CFD investigation on thermal hydraulics of the double-wall bayonet tube heat exchanger in CLEAR-S facility

Abstract

The double-wall bayonet tube type heat exchanger design can monitor and mitigate the occurrence of Steam Generator Tube Rupture (SGTR) accidents, which is one of the most important accidents of GEN-Ⅳ lead-cooled Fast Reactor (LFR). The lead-based reactor engineering validation facility CLEAR-S will be used for the integrated testing and verification of the megawatt-level double-wall bayonet tube heat exchanger.

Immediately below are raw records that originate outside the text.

lemma nn_integral_gaussian_residual_ge:
  fixes \<sigma> :: real and u :: "nat \<Rightarrow> real" and A :: "nat \<Rightarrow> nat \<Rightarrow> real"
    and h :: "(nat \<Rightarrow> real) \<Rightarrow> real"
  assumes \<sigma>: "\<sigma> > 0" and orth: "\<And>j. j < m \<Longrightarrow> (\<Sum>k<n. A j k * u k) = 0"
    and h[measurable]: "h \<in> borel_measurable (PiM {..<m} (\<lambda>_. borel))"
  shows "ennreal (\<sigma>\<^sup>2 * (\<Sum>k<n. (u k)\<^sup>2))
    \<le> (\<integral>\<^sup>+\<xi>. ennreal (((\<Sum>k<n. u k * \<xi> k) + h (\<lambda>j\<in>{..<m}. \<Sum>k<n. A j k * \<xi> k))\<^sup>2)
         \<partial>PiM {..<n} (\<lambda>_. centered_normal \<sigma>))"
proof (cases "\<forall>k<n. u k = 0")
  case True then show ?thesis by simp
next
  case False
  then obtain k0 where k0: "k0 < n" and uk0: "u k0 \<noteq> 0" by auto
  define c where "c = (\<lambda>j. u j / u k0)"
  define J where "J = {..<n} - {k0}"
  define F where "F \<xi> = ennreal (((\<Sum>k<n. u k * \<xi> k) + h (\<lambda>j\<in>{..<m}. \<Sum>k<n. A j k * \<xi> k))\<^sup>2)" for \<xi>
  let ?\<rho> = "\<lambda>\<eta> t. ennreal (line_density \<sigma> {..<n} k0 c \<eta> t)"
  have "F \<in> borel_measurable (PiM {..<n} (\<lambda>_. borel))"
    unfolding F_def by measurable
  from nn_integral_PiM_centered_normal_lines[OF \<sigma> _ _ this, of k0 c]
  have disint: "(\<integral>\<^sup>+\<xi>. F \<xi> \<partial>PiM {..<n} (\<lambda>_. centered_normal \<sigma>))
      = (\<integral>\<^sup>+\<eta>. (\<integral>\<^sup>+t. F (line_point {..<n} k0 c \<eta> t) * ?\<rho> \<eta> t \<partial>lborel) \<partial>PiM J (\<lambda>_. lborel))"
    using k0 unfolding J_def by simp
  have "prob_space (PiM {..<n} (\<lambda>_. centered_normal \<sigma>))"
    by (intro prob_space_PiM prob_space_normal_density[OF \<sigma>])
  with nn_integral_PiM_centered_normal_lines[OF \<sigma> _ _ borel_measurable_const, of "{..<n}" k0 1 c]
  have mass: "(\<integral>\<^sup>+\<eta>. (\<integral>\<^sup>+t. ?\<rho> \<eta> t \<partial>lborel) \<partial>PiM J (\<lambda>_. lborel)) = 1"
    using k0 unfolding J_def by (simp add: prob_space.emeasure_space_1)
  have "(\<lambda>(\<eta>, t). ?\<rho> \<eta> t) \<in> borel_measurable (PiM J (\<lambda>_. lborel) \<Otimes>\<^sub>M lborel)"
    unfolding line_density_def J_def by measurable
  then have "(\<lambda>\<eta>. \<integral>\<^sup>+t. ?\<rho> \<eta> t \<partial>lborel) \<in> borel_measurable (PiM J (\<lambda>_. lborel))"
    by (rule lborel.borel_measurable_nn_integral)
  then have "ennreal (\<sigma>\<^sup>2 * (\<Sum>k<n. (u k)\<^sup>2))
      = (\<integral>\<^sup>+\<eta>. ennreal (\<sigma>\<^sup>2 * (\<Sum>k<n. (u k)\<^sup>2)) * (\<integral>\<^sup>+t. ?\<rho> \<eta> t \<partial>lborel) \<partial>PiM J (\<lambda>_. lborel))"
    by (simp add: nn_integral_cmult mass)
  also have "\<dots> \<le> (\<integral>\<^sup>+\<eta>. (\<integral>\<^sup>+t. F (line_point {..<n} k0 c \<eta> t) * ?\<rho> \<eta> t \<partial>lborel) \<partial>PiM J (\<lambda>_. lborel))"
    using nn_integral_line_residual_ge[where A=A and m=m, OF \<sigma> k0 uk0 orth]
    unfolding F_def c_def by (intro nn_integral_mono) simp
  also have "\<dots> = (\<integral>\<^sup>+\<xi>. F \<xi> \<partial>PiM {..<n} (\<lambda>_. centered_normal \<sigma>))"
    by (rule disint[symmetric])
  finally show ?thesis unfolding F_def .
qed

text \<open>The residual \<open>x - (w/d) y\<^sub>i\<close> of the regression of \<open>x\<close> on \<open>y\<^sub>i\<close> is orthogonal to all readout
  vectors and has squared norm \<open>|x|\<^sup>2 - w\<^sup>2/d\<close>.\<close>
lemma nn_integral_gaussian_estimation_error_ge:
  fixes \<sigma> d w :: real and x :: "nat \<Rightarrow> real" and y :: "nat \<Rightarrow> nat \<Rightarrow> real"
    and \<phi> :: "(nat \<Rightarrow> real) \<Rightarrow> real"
  assumes \<sigma>: "\<sigma> > 0" and i: "i < m" and d: "d > 0"
    and yy: "(\<Sum>k<n. y i k * y i k) = d" and xy: "(\<Sum>k<n. x k * y i k) = w"
    and x_orth: "\<And>j. j < m \<Longrightarrow> j \<noteq> i \<Longrightarrow> (\<Sum>k<n. x k * y j k) = 0"
    and y_orth: "\<And>j. j < m \<Longrightarrow> j \<noteq> i \<Longrightarrow> (\<Sum>k<n. y i k * y j k) = 0"
    and \<phi>[measurable]: "\<phi> \<in> borel_measurable (PiM {..<m} (\<lambda>_. borel))"
  shows "ennreal (\<sigma>\<^sup>2 * ((\<Sum>k<n. (x k)\<^sup>2) - w\<^sup>2 / d))
    \<le> (\<integral>\<^sup>+\<xi>. ennreal (((\<Sum>k<n. x k * \<xi> k) - \<phi> (\<lambda>j\<in>{..<m}. \<Sum>k<n. y j k * \<xi> k))\<^sup>2)
         \<partial>PiM {..<n} (\<lambda>_. centered_normal \<sigma>))"
proof -
  define \<beta> where "\<beta> = w / d"
  define u where "u k = x k - \<beta> * y i k" for k
  define h where "h v = \<beta> * v i - \<phi> v" for v :: "nat \<Rightarrow> real"
  have inner_u: "(\<Sum>k<n. z k * u k) = (\<Sum>k<n. x k * z k) - \<beta> * (\<Sum>k<n. y i k * z k)" for z
    unfolding u_def by (simp add: algebra_simps sum_subtractf sum_distrib_left)
  have orth: "(\<Sum>k<n. y j k * u k) = 0" if "j < m" for j
  proof (cases "j = i")
    case True
    then show ?thesis using d xy yy by (simp add: inner_u \<beta>_def)
  next
    case False
    then show ?thesis unfolding inner_u using x_orth y_orth that by simp
  qed
  have "(\<lambda>v. v i) \<in> borel_measurable (PiM {..<m} (\<lambda>_. borel::real measure))"
    using measurable_component_singleton[of i "{..<m}" "\<lambda>_. borel"] i by simp
  then have "h \<in> borel_measurable (PiM {..<m} (\<lambda>_. borel))"
    unfolding h_def by measurable
  note residual = nn_integral_gaussian_residual_ge[where A=y, OF \<sigma> orth this]
  have yx: "(\<Sum>k<n. y i k * x k) = w"
    using xy by (simp add: mult.commute)
  have "(\<Sum>k<n. (u k)\<^sup>2) = (\<Sum>k<n. x k * u k) - \<beta> * (\<Sum>k<n. y i k * u k)"
    unfolding u_def by (simp add: power2_eq_square algebra_simps sum_subtractf sum.distrib sum_distrib_left)
  also have "\<dots> = (\<Sum>k<n. (x k)\<^sup>2) - w\<^sup>2 / d"
    using d unfolding inner_u xy yx yy \<beta>_def by (simp add: power2_eq_square field_simps)
  finally have norm_u: "(\<Sum>k<n. (u k)\<^sup>2) = (\<Sum>k<n. (x k)\<^sup>2) - w\<^sup>2 / d" .
  have "(\<Sum>k<n. u k * \<xi> k) + h (\<lambda>j\<in>{..<m}. \<Sum>k<n. y j k * \<xi> k)
      = (\<Sum>k<n. x k * \<xi> k) - \<phi> (\<lambda>j\<in>{..<m}. \<Sum>k<n. y j k * \<xi> k)" for \<xi>
    using inner_u[of \<xi>] i unfolding h_def by (simp add: mult.commute)
  then show ?thesis using residual unfolding norm_u by simp
qed

lemma TG_carrier_mat: "TG N M G \<in> carrier_mat (2*(N+M)) (2*(N+M))"
  by (simp add: TG_def)

lemma TG_data_row_mult:
  assumes "i < 2*N" "N \<le> M"
  shows "(\<Sum>c<2*(N+M). TG N M G $$ (i,c) * X c)
    = sqrt (G (i div 2)) * X i + sqrt (G (i div 2) - 1) * zsgn (i mod 2) * X (2*N+i)"
proof -
  have "(\<Sum>c<2*(N+M). TG N M G $$ (i,c) * X c)
      = (\<Sum>c<2*(N+M). (if c = i then sqrt (G (i div 2)) * X i else 0)
          + (if c = 2*N+i then sqrt (G (i div 2) - 1) * zsgn (i mod 2) * X (2*N+i) else 0))"
    using assms by (intro sum.cong) (auto simp: TG_def)
  then show ?thesis using assms by (simp add: sum.distrib)
qed

lemma TG_ancilla_row_mult:
  assumes "j < 2*M"
  shows "(\<Sum>c<2*(N+M). TG N M G $$ (2*N+j,c) * X c)
    = (if j < 2*N then sqrt (G (j div 2)) * X (2*N+j) + sqrt (G (j div 2) - 1) * zsgn (j mod 2) * X j
       else X (2*N+j))"
proof -
  have "(\<Sum>c<2*(N+M). TG N M G $$ (2*N+j,c) * X c)
      = (\<Sum>c<2*(N+M). (if c = 2*N+j then (if j < 2*N then sqrt (G (j div 2)) else 1) * X (2*N+j) else 0)
          + (if j < 2*N \<and> c = j then sqrt (G (j div 2) - 1) * zsgn (j mod 2) * X j else 0))"
    using assms by (intro sum.cong) (auto simp: TG_def)
  then show ?thesis using assms by (simp add: sum.distrib)
qed

lemma TG_row_inner:
  assumes i: "i < 2*N" and NM: "N \<le> M" and G1: "G (i div 2) \<ge> 1"
  defines "Q \<equiv> \<lambda>r s. (\<Sum>c<2*(N+M). TG N M G $$ (r,c) * TG N M G $$ (s,c))"
  shows "Q i i = 2 * G (i div 2) - 1"
    and "Q (2*N+i) (2*N+i) = 2 * G (i div 2) - 1"
    and "(Q i (2*N+i))\<^sup>2 = 4 * G (i div 2) * (G (i div 2) - 1)"
    and "\<And>j. j < 2*M \<Longrightarrow> j \<noteq> i \<Longrightarrow> Q i (2*N+j) = 0"
    and "\<And>j. j < 2*M \<Longrightarrow> j \<noteq> i \<Longrightarrow> Q (2*N+i) (2*N+j) = 0"
proof -
  let ?g = "G (i div 2)" and ?z = "zsgn (i mod 2)"
  have iM: "i < 2*M" using i NM by simp
  have roots: "sqrt ?g * sqrt ?g = ?g" "sqrt (?g - 1) * sqrt (?g - 1) = ?g - 1"
      "\<bar>?g\<bar> = ?g" "\<bar>?g - 1\<bar> = ?g - 1"
    using G1 by auto
  have z2: "?z * ?z = 1" "?z\<^sup>2 = 1" by (simp_all add: zsgn_def)
  have data: "Q i s = sqrt ?g * TG N M G $$ (s,i) + sqrt (?g - 1) * ?z * TG N M G $$ (s,2*N+i)" for s
    unfolding Q_def using TG_data_row_mult[OF i NM] .
  have ancilla: "Q (2*N+i) s = sqrt ?g * TG N M G $$ (s,2*N+i) + sqrt (?g - 1) * ?z * TG N M G $$ (s,i)" for s
    unfolding Q_def using TG_ancilla_row_mult[OF iM] i by simp
  have entries: "TG N M G $$ (i,i) = sqrt ?g" "TG N M G $$ (i,2*N+i) = sqrt (?g - 1) * ?z"
    "TG N M G $$ (2*N+i,2*N+i) = sqrt ?g" "TG N M G $$ (2*N+i,i) = sqrt (?g - 1) * ?z"
    using i NM by (auto simp: TG_def)
  have others: "TG N M G $$ (2*N+j,i) = 0" "TG N M G $$ (2*N+j,2*N+i) = 0"
    if "j < 2*M" "j \<noteq> i" for j
    using i NM that by (auto simp: TG_def)
  show "Q i i = 2 * ?g - 1" "Q (2*N+i) (2*N+i) = 2 * ?g - 1"
    unfolding data ancilla entries by (simp_all add: algebra_simps roots z2 mult.assoc[symmetric])
  have "Q i (2*N+i) = 2 * sqrt ?g * sqrt (?g - 1) * ?z"
    unfolding data entries by (simp add: algebra_simps)
  then show "(Q i (2*N+i))\<^sup>2 = 4 * ?g * (?g - 1)"
    using G1 z2 by (simp add: power_mult_distrib)
  show "Q i (2*N+j) = 0" "Q (2*N+i) (2*N+j) = 0" if "j < 2*M" "j \<noteq> i" for j
    unfolding data ancilla others[OF that] by simp_all
qed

In this study, the Shear Stress Transport turbulence model (SSTk-ω) was used to pre-simulate the thermal characteristics of the CLEAR-S double-wall bayonet tube heat exchanger before the experiment. The verification shows that the numerical simulation results of the single bayonet tube structure are in good agreement with the RELAP5 simulation results and experimental data from CLEAR-S. CFD analysis reveals that the non-effective heat exchange area will preheat the liquid water on the side of the tube, so that the overall heat exchange performance decreases by about 4%. The heat conduction of the powder interlayer is the largest heat transfer resistance, which weakened the influence of the lead-bismuth eutectic (LBE) side flow and temperature inhomogeneity on the heat transfer of the tube bundle and significantly reduced the wall radial temperature difference of each bayonet tube. The conclusions of this study can provide a reference for the experiment and design of double-wall bayonet tube heat exchangers.